◆ Your task:
Below are the records; copy out every line that holds the word "lemma".
(Dataset entries Opens)
lemma test_fun_reflect_scale:
  fixes f f' :: "real \<Rightarrow> real"
  assumes f: "\<And>z. (f has_real_derivative f' z) (at z)" and f': "continuous_on UNIV f'"
    and supp: "\<And>z. R < \<bar>z\<bar> \<Longrightarrow> f z = 0" and a: "a \<noteq> 0"
  shows "test_fun (\<lambda>b. f (a * (1 - b)))"
proof (rule test_funI[OF has_real_derivative_reflect_scale[OF f]])
  show "continuous_on UNIV (\<lambda>b. - a * f' (a * (1 - b)))"
    by (intro continuous_intros continuous_on_compose2[OF f']) auto
  fix b :: real assume b: "1 + \<bar>R\<bar> / \<bar>a\<bar> < \<bar>b\<bar>"
  have "\<bar>R\<bar> < \<bar>a\<bar> * (\<bar>b\<bar> - 1)" using b a by (simp add: field_simps)
  also have "\<dots> \<le> \<bar>a * (1 - b)\<bar>" by (simp add: abs_mult mult_left_mono)
  finally show "f (a * (1 - b)) = 0" by (intro supp) linarith
qed

lemma bounded_if_vanishes_off_compact:
  fixes f :: "real \<Rightarrow> real"
  assumes "continuous_on UNIV f" "compact S" "\<And>z. z \<notin> S \<Longrightarrow> f z = 0"
  shows "\<exists>B. \<forall>z. \<bar>f z\<bar> \<le> B"
proof -
  have "compact (f ` S)"
    by (rule compact_continuous_image[OF continuous_on_subset[OF assms(1)] assms(2)]) simp
  then obtain B where "\<forall>y\<in>f ` S. \<bar>y\<bar> \<le> B"
    using compact_imp_bounded bounded_real by metis
  then have "\<bar>f z\<bar> \<le> max B 0" for z using assms(3) by (cases "z \<in> S") auto
  then show ?thesis by blast
qed

text \<open>\<open>euler_bump e (e\<^sup>r z)\<close> is the derivative in \<open>r\<close> of \<open>bump e (e\<^sup>r z)\<close>.\<close>

definition euler_bump :: "real \<Rightarrow> real \<Rightarrow> real" where
  "euler_bump e z = z * bump' e z"

definition euler_bump' :: "real \<Rightarrow> real \<Rightarrow> real" where
  "euler_bump' e z = bump' e z + z * bump'' e z"

lemma has_real_derivative_euler_bump: "(euler_bump e has_real_derivative euler_bump' e z) (at z)"
  using DERIV_mult[OF DERIV_ident has_real_derivative_bump'[of e z]]
  unfolding euler_bump_def[abs_def] euler_bump'_def by (simp add: mult.commute)

lemma continuous_on_euler_bump: "continuous_on UNIV (euler_bump e)"
  unfolding euler_bump_def[abs_def] using continuous_on_bump' by (intro continuous_intros) auto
(Dataset entries Closes)
◆ Task response:
lemma test_fun_reflect_scale:
lemma bounded_if_vanishes_off_compact:
lemma has_real_derivative_euler_bump: "(euler_bump e has_real_derivative euler_bump' e z) (at z)"
lemma continuous_on_euler_bump: "continuous_on UNIV (euler_bump e)"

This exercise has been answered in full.